China: Why Complacency Followed By Panic Hasn’t Helped….

Business, China, Company Strategy, Economics, Fibre Intermediates



By John Richardson

FOR many, many years a small group of men who run China were viewed as uniquely competent because of the “economic miracle” that they had achieved. China’s ChinaPTA2approach to government was thus seen as much better than the chaotic mess that is usually democracy in the West, especially in the immediate aftermath of the Global Financial Crisis.

Far too many people stubbornly clung-on to this belief, right up until as late as July of this year, and in so doing delayed essential new thinking within their chemicals companies. “There is now a different group of  men in charge who have changed direction, but they will still be successful. This means that we don’t have to change our forecasts for growth. All we instead have to do is accept that our numbers will be right for reasons different from from what we had expected,” was a common argument right up until July.

Next came the first wave of panic, which occurred after China’s early July stock market rout. People saw the failed government attempts to prop up the market as the first evidence of Chinese political incompetence that they had ever encountered. This was accompanied by the fear that the new “wealth effect” of rising equities had failed, and so this meant GDP growth would be lower than many people had expected.

But I think this analysis  was wrong as a.) The failed attempt to prop-up the market was good news as it discredited the anti-reformers within the government and b.) There was simply never any way that equities could possibly represent a new broad-enough based “wealth effect” because of the small percentage of Chinese people who play in stocks. This was just mathematically impossible.

There was another wave of panic after the 11 August decision by China to change the Yuan’s trading band against the US dollar. “Oh my goodness, they are going for a competitive devaluation because GDP growth is collapsing,” was the form that this new panic took. This left some if not all Chinese officials scratching their heads, as they had long been told by Washington and the IMF to liberalise the way that the Yuan trades, and this is exactly what they had done.

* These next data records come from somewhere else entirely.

lemma open_torus: "open (torus :: (complex^'n::finite) set)"
proof -
  have "open {w::complex^'n. w $ j \<noteq> 0}" for j
    by (rule open_Collect_neq) (auto intro!: linear_continuous_on bounded_linear_vec_nth)
  then have "open (\<Inter>j. {w::complex^'n. w $ j \<noteq> 0})" by (auto intro!: open_INT)
  moreover have "torus = (\<Inter>j. {w::complex^'n. w $ j \<noteq> 0})" by (auto simp: torus_def)
  ultimately show ?thesis by simp
qed

lemma holo_fun_on_gfun: "holo_fun_on S (\<lambda>p. gfun b j (snd p))"
  by (rule holo_fun_on_linear)
    (auto intro!: linearI simp: gfun_def cscale_def sum.distrib sum_distrib_left scaleR_sum_right algebra_simps)

lemma holo_fun_on_ffun: "holo_fun_on S (ffun b j)"
  unfolding ffun_def[abs_def] by (rule holo_fun_on_linear)
    (auto intro!: linearI simp: gfun_def cscale_def sum.distrib sum_distrib_left scaleR_sum_right algebra_simps)

lemma open_Ucomp: "open (Ucomp b)"
proof -
  have "continuous_on UNIV (ffun b j)" for j
    using holo_fun_on_ffun[of UNIV b j]
    by (metis has_derivative_continuous continuous_at_imp_continuous_on holo_fun_on_def)
  moreover have "Ucomp b = (\<Inter>j. {p. ffun b j p \<noteq> 0})" by (auto simp: Ucomp_def)
  ultimately show ?thesis
    by (auto intro!: open_INT open_Collect_neq)
qed

definition recip_chart :: "('n::finite \<Rightarrow> complex^'k::finite) \<Rightarrow> ('n, 'k) point \<Rightarrow> ('n, 'k) point" where
  "recip_chart b p = ((\<chi> j. inverse (ffun b j p)), snd p)"

definition recip_chart_inv :: "('n::finite \<Rightarrow> complex^'k::finite) \<Rightarrow> ('n, 'k) point \<Rightarrow> ('n, 'k) point" where
  "recip_chart_inv b q = ((\<chi> j. inverse (fst q $ j) - gfun b j (snd q)), snd q)"

(* Both identities hold everywhere, not only on the chart domains, because inverse 0 = 0. *)
lemma recip_chart_inv_recip_chart [simp]: "recip_chart_inv b (recip_chart b p) = p"
  by (simp add: recip_chart_def recip_chart_inv_def ffun_def vec_eq_iff prod_eq_iff)

lemma recip_chart_recip_chart_inv [simp]: "recip_chart b (recip_chart_inv b q) = q"
  by (simp add: recip_chart_def recip_chart_inv_def ffun_def vec_eq_iff prod_eq_iff)

lemma biholomorphic_on_recip_chart:
  "biholomorphic_on (Ucomp b) (torus \<times> UNIV) (recip_chart b) (recip_chart_inv b)"
proof -
  have maps_to: "recip_chart b ` Ucomp b \<subseteq> torus \<times> UNIV"
    by (auto simp: recip_chart_def Ucomp_def torus_def)
  have maps_from: "recip_chart_inv b ` (torus \<times> UNIV) \<subseteq> Ucomp b"
    by (auto simp: recip_chart_inv_def Ucomp_def torus_def ffun_def)
  have "holo_map_on (Ucomp b) (recip_chart b)"
    by (rule holo_map_on_coordinatewise)
      (auto simp: recip_chart_def Ucomp_def intro!: holo_fun_on_inverse holo_fun_on_ffun holo_fun_on_snd_nth)
  moreover have "holo_map_on (torus \<times> UNIV) (recip_chart_inv b)"
    by (rule holo_map_on_coordinatewise)
      (auto simp: recip_chart_inv_def torus_def intro!: holo_fun_on_diff holo_fun_on_inverse
        holo_fun_on_fst_nth holo_fun_on_gfun holo_fun_on_snd_nth)
  moreover have "bij_betw (recip_chart b) (Ucomp b) (torus \<times> UNIV)"
    by (rule bij_betw_byWitness[where f'="recip_chart_inv b"]) (simp_all add: maps_to maps_from)
  moreover have "bij_betw (recip_chart_inv b) (torus \<times> UNIV) (Ucomp b)"
    by (rule bij_betw_byWitness[where f'="recip_chart b"]) (simp_all add: maps_to maps_from)
  ultimately show ?thesis
    by (simp add: biholomorphic_on_def bij_betw_imp_surj_on)
qed

definition crit_lin :: "('n::finite \<Rightarrow> complex^'k::finite) \<Rightarrow> complex^'n \<Rightarrow> complex^'n \<Rightarrow> complex^'k" where
  "crit_lin b a w = (\<Sum>j\<in>UNIV. (a $ j * w $ j) *s b j)"

lemma crit_set_eq_recip_chart:
  "crit_set b a = {p \<in> Ucomp b. crit_lin b a (fst (recip_chart b p)) = 0}"
  by (auto simp: crit_set_def crit_lin_def recip_chart_def vec_eq_iff sum_component divide_inverse mult_ac)

definition straighten ::
    "('n::finite \<Rightarrow> complex^'k::finite) \<Rightarrow> complex^'n \<Rightarrow> 'n set \<Rightarrow> ('n \<Rightarrow> 'k) \<Rightarrow> ('n, 'k) point \<Rightarrow> ('n, 'k) point" where
  "straighten b a J e q = ((\<chi> j. if j \<in> J then snd q $ e j else fst q $ j), crit_lin b a (fst q))"

lemma scaleR_eq_cscale: "r *\<^sub>R q = cscale (of_real r) q"
  by (simp add: cscale_def prod_eq_iff vec_eq_iff scaleR_conv_of_real [where 'a=complex])

lemma straighten_cscale: "straighten b a J e (cscale c q) = cscale c (straighten b a J e q)"
  by (auto simp: straighten_def crit_lin_def cscale_def vec_eq_iff sum_component sum_distrib_left algebra_simps)

lemma linear_straighten: "linear (straighten b a J e)"
proof (rule linearI)
  show "straighten b a J e (p + q) = straighten b a J e p + straighten b a J e q" for p q
    by (auto simp: straighten_def crit_lin_def vec_eq_iff sum_component sum.distrib algebra_simps)
  show "straighten b a J e (r *\<^sub>R q) = r *\<^sub>R straighten b a J e q" for r q
    by (simp add: scaleR_eq_cscale straighten_cscale)
qed

lemma inj_straighten:
  assumes "inj_on b J" "vec.independent (b ` J)" "bij_betw e J UNIV" "\<forall>j. a $ j \<noteq> 0"
  shows "inj (straighten b a J e)"
  unfolding linear_inj_iff_eq_0[OF linear_straighten]
proof (intro allI impI)
  fix q assume q: "straighten b a J e q = 0"
  obtain w t where wt: "q = (w, t)" by force
  have fst_0: "fst (straighten b a J e q) $ j = 0" for j
    using q by simp
  have w_outside: "w $ j = 0" if "j \<notin> J" for j
    using fst_0[of j] that by (simp add: straighten_def wt)
  have "t $ e j = 0" if "j \<in> J" for j
    using fst_0[of j] that by (simp add: straighten_def wt)
  then have t: "t = 0"
    using bij_betw_imp_surj_on[OF assms(3)] by (metis UNIV_I imageE vec_eq_iff zero_index)
  have "(\<Sum>j\<in>J. (a $ j * w $ j) *s b j) = crit_lin b a w"
    unfolding crit_lin_def by (rule sum.mono_neutral_left) (auto simp: w_outside)
  also have "\<dots> = 0"
    using q by (simp add: straighten_def wt zero_prod_def)
  finally have "a $ j * w $ j = 0" if "j \<in> J" for j
    using that by (intro independent_image_sum_eq_0[OF assms(1,2)]) simp_all
  then have "w = 0"
    using assms(4) w_outside by (auto simp: vec_eq_iff)
  then show "q = 0"
    by (simp add: wt t zero_prod_def)
qed

theorem lemma3p5:
  fixes b :: "'n::finite \<Rightarrow> complex^'k::finite" and a :: "complex^'n"
  assumes "CARD('k) < CARD('n)"
    and "\<forall>j. gfun b j \<noteq> (\<lambda>t. 0)"
    and "vec.span (range b) = UNIV"
    and "\<forall>j. a $ j \<noteq> 0"
    and "crit_set b a \<noteq> {}"
  shows "analytic_subvariety (Ucomp b) (crit_set b a) \<and> smooth_submanifold_dimn (crit_set b a)"
proof -
  obtain J and e :: "'n \<Rightarrow> 'k" where J: "inj_on b J" "vec.independent (b ` J)" "bij_betw e J UNIV"
    using spanning_family_contains_basis[OF assms(3)] by blast
  define L where "L = straighten b a J e"
  have lin: "linear L" and inj: "inj L"
    using linear_straighten inj_straighten[OF J assms(4)] by (simp_all add: L_def)
  define V where "V = L ` (torus \<times> UNIV)"
  have "open V"
    unfolding V_def using lin linear_injective_imp_surjective[OF lin inj refl]
    by (intro open_surjective_linear_image open_Times open_torus open_UNIV)
  have chart: "biholomorphic_on (Ucomp b) V (L \<circ> recip_chart b) (recip_chart_inv b \<circ> inv L)"
    unfolding V_def using biholomorphic_on_recip_chart
    by (rule biholomorphic_on_compose)
      (rule biholomorphic_on_linear_automorphism[OF lin inj], simp add: L_def straighten_cscale)
  have crit: "crit_set b a = {p \<in> Ucomp b. snd ((L \<circ> recip_chart b) p) = 0}"
    by (simp add: crit_set_eq_recip_chart L_def straighten_def)
  show ?thesis
    unfolding crit using analytic_subvariety_snd_eq_0[OF open_Ucomp]
      smooth_submanifold_dimn_snd_eq_0[OF open_Ucomp \<open>open V\<close> chart] chart
    unfolding biholomorphic_on_def by blast
qed

end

This has been followed by a return to complacency amongst some people. They assume that because the Yuan is so far only down by around 2% against the US dollar since 11 August, this means that there will be no major competitive devaluation, meaning no big rise in China’s export and no global trade war. This is a wrong “single scenario” assumption for two reasons.

  1. China doesn’t need a big Yuan devaluation to hugely boost its export volumes if it so wants to. This is because it has vast supply chain advantages as a result of becoming the “workshop of the world”. Even though labour costs are going up, these supply chain advantages haven’t suddenly disappeared. Plus, it has big oversupply in many manufactured goods and in some chemicals and polymers that it could choose to export rather than shut down  or merely run at low operating rates. Purified terephthalic acid is a great example of this as China has new, world scale capacities that it could choose to run harder than anticipated. So far this year, as the above chart indicates, we have seen a big increase in PTA exports with imports also substantially down. Further big increases in PTA exports may not happen, but it is a scenario you must consider – along with your “base case” assumptions. (And, indeed, it is important to stress that the ICIS Consulting base case assumptions for PTA is that local production and demand will pretty much balance out from now until 2025. Up until 2022, for instance, we see local operating rates as averaging below 80%. This is a very solid, carefully thought-through assumption. But you still must have different scenarios, which we can help build for you)
  2. Even if all Chinese officials are determined to avoid a major devaluation, they may lose control of events – and could thus be forced into a Yuan devaluation of 10% or more. In such an event, we could of course end up with a global trade and currency war. Unlikely? Perhaps, but you would be simply wrong not to also consider this as a scenario given recent events.

What all of this tells us is that China’s last generation of senior leaders got it very badly wrong because of course, surprise, surprise they were human. Human beings often make mistakes.

Now let’s not swing to the other extreme and assume  that because economic reforms appear to have stumbled of late, China’s new leaders are uniquely incompetent – maybe almost as bad as some politicians in the West. Instead, they will also make mistakes and will sometimes take one step forward only to take two steps back.

The new “stimulus package” of more spending on railways should, for example. not be interpreted as two steps back,  as I shall discuss in detail in my post tomorrow. This package is instead very positive news and gives us a pointer to what the New China will look like in the long term, and the new opportunities that this will create for the global chemicals business.